Он мне руку свою отдал, и я уснула. Я засыпала, а он говорил: «Почему ты скрыла, что употребляла наркотики? Тебе анестезия противопоказана, ты могла вообще умереть, тебя Николай Николаевич еле откачал». Я хотела сказать: «А кто меня спрашивал про наркотики?» — но сил не было и слова сказать. Их и сейчас нет. Последнее, что я помню, — вас. Как вы прибежали из лаборатории и сказали Косте, что у меня какая-то бактерия «псеудомонас инувин». Которая якобы давно в моем кишечнике скрытно сидела, а во время операции пошла гулять по всему организму. У Кости руки задрожали, он говорит: все, накрылась моя карьера! Я хотела его утешить, сказать, что я выживу. Но не смогла и уснула.
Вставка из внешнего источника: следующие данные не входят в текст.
(* Let $n\ge1$. Every $\mathbf A\in\mathsf{PMV}_n$ embeds into the Priestley power of its distributive skeleton. That is, there is an injective homomorphism $\mathbf A\hookrightarrow\mathfrak P\mathfrak S(\mathbf A)=\mathbf{P\L}_n[\mathfrak S(\mathbf A)]$; it is the unit of the adjunction $\mathfrak S\dashv\mathfrak P$.
   Context: For $n\ge 1$, the algebra $\mathbf{P\L}_n=\langle\{0,\tfrac1n,\dots,1\},\min,\max,\odot,\oplus,0,1\rangle$ has $x\odot y=\max\{0,x+y-1\}$ and $x\oplus y=\min\{1,x+y\}$. $\mathsf{PMV}_n$ is the variety it generates. - The distributive skeleton is $\mathfrak S(\mathbf A)=\langle\{a\in A:a\oplus a=a\},\wedge,\vee,0,1\rangle$, a bounded distributive lattice. - For a bounded distributive lattice $\mathbf L$, the Priestley power $\mathbf{P\L}_n[\mathbf L]$ is the algebra, under pointwise operations, of continuous order-preserving maps from the Priestley dual space $\mathsf{DL}(\mathbf L,\mathbf 2)$ to the discrete ordered set $\langle\{0,\tfrac1n,\dots,1\},\le\rangle$. The dual space carries the pointwise order and product topology. - $\mathfrak P(\mathbf L)=\mathbf{P\L}_n[\mathbf L]$ defines a functor $\mathsf{DL}\to\mathsf{PMV}_n$ that is right adjoint to $\mathfrak S$. *)

theory Defs
  imports "HOL-Analysis.Analysis"
begin

record 'a pmv_alg =
  carrier :: "'a set"
  meet :: "'a \<Rightarrow> 'a \<Rightarrow> 'a"
  join :: "'a \<Rightarrow> 'a \<Rightarrow> 'a"
  odot :: "'a \<Rightarrow> 'a \<Rightarrow> 'a"
  oplus :: "'a \<Rightarrow> 'a \<Rightarrow> 'a"
  zero :: 'a
  one :: 'a

definition pmv_structure :: "'a pmv_alg \<Rightarrow> bool" where
  "pmv_structure A \<longleftrightarrow>
     zero A \<in> carrier A \<and> one A \<in> carrier A \<and>
     (\<forall>x\<in>carrier A. \<forall>y\<in>carrier A.
        meet A x y \<in> carrier A \<and> join A x y \<in> carrier A \<and>
        odot A x y \<in> carrier A \<and> oplus A x y \<in> carrier A)"

definition PL :: "nat \<Rightarrow> real pmv_alg" where
  "PL n = \<lparr> carrier = {real k / real n | k. k \<le> n},
            meet = min, join = max,
            odot = (\<lambda>x y. max 0 (x + y - 1)),
            oplus = (\<lambda>x y. min 1 (x + y)),
            zero = 0, one = 1 \<rparr>"

datatype pterm = PVar nat | PMeet pterm pterm | PJoin pterm pterm
  | POdot pterm pterm | POplus pterm pterm | PZero | POne

fun peval :: "'a pmv_alg \<Rightarrow> (nat \<Rightarrow> 'a) \<Rightarrow> pterm \<Rightarrow> 'a" where
  "peval A v (PVar i) = v i"
| "peval A v (PMeet s t) = meet A (peval A v s) (peval A v t)"
| "peval A v (PJoin s t) = join A (peval A v s) (peval A v t)"
| "peval A v (POdot s t) = odot A (peval A v s) (peval A v t)"
| "peval A v (POplus s t) = oplus A (peval A v s) (peval A v t)"
| "peval A v PZero = zero A"
| "peval A v POne = one A"

definition satisfies :: "'a pmv_alg \<Rightarrow> pterm \<Rightarrow> pterm \<Rightarrow> bool" where
  "satisfies A s t \<longleftrightarrow>
     (\<forall>v. (\<forall>i. v i \<in> carrier A) \<longrightarrow> peval A v s = peval A v t)"

text \<open>PMV_n = HSP(PL_n) = Mod(Id(PL_n)) (Birkhoff).\<close>
definition PMV :: "nat \<Rightarrow> 'a pmv_alg set" where
  "PMV n = {A. pmv_structure A \<and>
                (\<forall>s t. satisfies (PL n) s t \<longrightarrow> satisfies A s t)}"

definition pmv_hom :: "'a pmv_alg \<Rightarrow> 'b pmv_alg \<Rightarrow> ('a \<Rightarrow> 'b) \<Rightarrow> bool" where
  "pmv_hom A B h \<longleftrightarrow>
     (\<forall>x\<in>carrier A. h x \<in> carrier B) \<and>
     h (zero A) = zero B \<and> h (one A) = one B \<and>
     (\<forall>x\<in>carrier A. \<forall>y\<in>carrier A.
        h (meet A x y) = meet B (h x) (h y) \<and>
        h (join A x y) = join B (h x) (h y) \<and>
        h (odot A x y) = odot B (h x) (h y) \<and>
        h (oplus A x y) = oplus B (h x) (h y))"

record 'a bdl =
  lcarrier :: "'a set"
  lmeet :: "'a \<Rightarrow> 'a \<Rightarrow> 'a"
  ljoin :: "'a \<Rightarrow> 'a \<Rightarrow> 'a"
  lbot :: 'a
  ltop :: 'a

definition skeleton :: "'a pmv_alg \<Rightarrow> 'a bdl" where
  "skeleton A = \<lparr> lcarrier = {a\<in>carrier A. oplus A a a = a},
                  lmeet = meet A, ljoin = join A, lbot = zero A, ltop = one A \<rparr>"

text \<open>Points of the dual space DL(L,2): bounded lattice homomorphisms L \<rightarrow> 2,
  represented as functions in the product space 2^L (extensional on L).\<close>
definition dual_space :: "'a bdl \<Rightarrow> ('a \<Rightarrow> bool) set" where
  "dual_space L = {x \<in> extensional (lcarrier L).
      x (lbot L) = False \<and> x (ltop L) = True \<and>
      (\<forall>a\<in>lcarrier L. \<forall>b\<in>lcarrier L.
         x (lmeet L a b) = (x a \<and> x b) \<and> x (ljoin L a b) = (x a \<or> x b))}"

definition dual_topology :: "'a bdl \<Rightarrow> ('a \<Rightarrow> bool) topology" where
  "dual_topology L = subtopology (product_topology (\<lambda>_. discrete_topology UNIV) (lcarrier L))
                                 (dual_space L)"

definition dual_le :: "'a bdl \<Rightarrow> ('a \<Rightarrow> bool) \<Rightarrow> ('a \<Rightarrow> bool) \<Rightarrow> bool" where
  "dual_le L x y \<longleftrightarrow> (\<forall>a\<in>lcarrier L. x a \<longrightarrow> y a)"

definition priestley_power :: "nat \<Rightarrow> 'a bdl \<Rightarrow> (('a \<Rightarrow> bool) \<Rightarrow> real) pmv_alg" where
  "priestley_power n L =
     (let X = dual_space L in
     \<lparr> carrier = {f \<in> extensional X.
          continuous_map (dual_topology L) (discrete_topology (carrier (PL n))) f \<and>
          (\<forall>x\<in>X. \<forall>y\<in>X. dual_le L x y \<longrightarrow> f x \<le> f y)},
       meet = (\<lambda>f g. \<lambda>x\<in>X. meet (PL n) (f x) (g x)),
       join = (\<lambda>f g. \<lambda>x\<in>X. join (PL n) (f x) (g x)),
       odot = (\<lambda>f g. \<lambda>x\<in>X. odot (PL n) (f x) (g x)),
       oplus = (\<lambda>f g. \<lambda>x\<in>X. oplus (PL n) (f x) (g x)),
       zero = (\<lambda>x\<in>X. zero (PL n)),
       one = (\<lambda>x\<in>X. one (PL n)) \<rparr>)"

text \<open>The element of PL_n[S(A)] corresponding to an idempotent e under
  S(PL_n[L]) = L: the map x \<mapsto> x(e) (0 or 1).\<close>
definition idem_point :: "'a pmv_alg \<Rightarrow> 'a \<Rightarrow> ('a \<Rightarrow> bool) \<Rightarrow> real" where
  "idem_point A e = (\<lambda>x\<in>dual_space (skeleton A). if x e then 1 else 0)"

end

theory Submission
  imports Defs
begin

text \<open>Every identity of PL_n holds in A, and identities of PL_n can be decided by evaluating
  terms on the numerators 0, ..., n. For 0 \<le> m \<le> n there is a term t_m with t_m(u) = 1 if
  u \<ge> m/n and t_m(u) = 0 otherwise on PL_n; hence every t_m(a) is idempotent, i.e. lies in
  the skeleton. A point x of the dual space assigns to a \<in> A the level
  max {m. x(t_m(a))}, and \<eta>(a)(x) is that level divided by n. Identities of PL_n relating
  the t_m to the operations make the level a homomorphism into {0, ..., n}. The prime filter
  theorem separates idempotents by points, and a is determined by its thresholds t_m(a), so
  \<eta> is injective. Finally, a homomorphism that agrees with \<eta> on the idempotents commutes
  with the t_m, which fixes its levels at every point.\<close>

section \<open>Identities of PL_n\<close>

text \<open>The numerator k stands for k/n in PL_n; truncated subtraction on nat is exactly the
  clipping at 0 in \<open>\<odot>\<close>.\<close>
fun grid_eval :: "nat \<Rightarrow> (nat \<Rightarrow> nat) \<Rightarrow> pterm \<Rightarrow> nat" where
  "grid_eval n w (PVar i) = w i"
| "grid_eval n w (PMeet s t) = min (grid_eval n w s) (grid_eval n w t)"
| "grid_eval n w (PJoin s t) = max (grid_eval n w s) (grid_eval n w t)"
| "grid_eval n w (POdot s t) = grid_eval n w s + grid_eval n w t - n"
| "grid_eval n w (POplus s t) = min n (grid_eval n w s + grid_eval n w t)"
| "grid_eval n w PZero = 0"
| "grid_eval n w POne = n"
Конечно, Наташка с перепугу позвонила Мартину и сказала, что я в реанимации после аборта. Думала, что он примчится ко мне, но он не приехал ни с цветами, ни без. И Савельев не приехал. И вообще никто. Только вы сражались за мою жизнь, но, похоже, и вы отступили. Или вам не дали в институте иммунологии волшебного крысиного лекарства, или…
Знаете, Николай Николаевич, когда-то, тысячу лет назад, в той моей жизни, когда мне было 24 или 25, гениальный Савельев сказал, что мое неумение выстраивать стабильные личные отношения с окружающими имеет какое-то мудреное научное название, которое в переводе на простой русский язык звучит как синдром алкогольной наследственности.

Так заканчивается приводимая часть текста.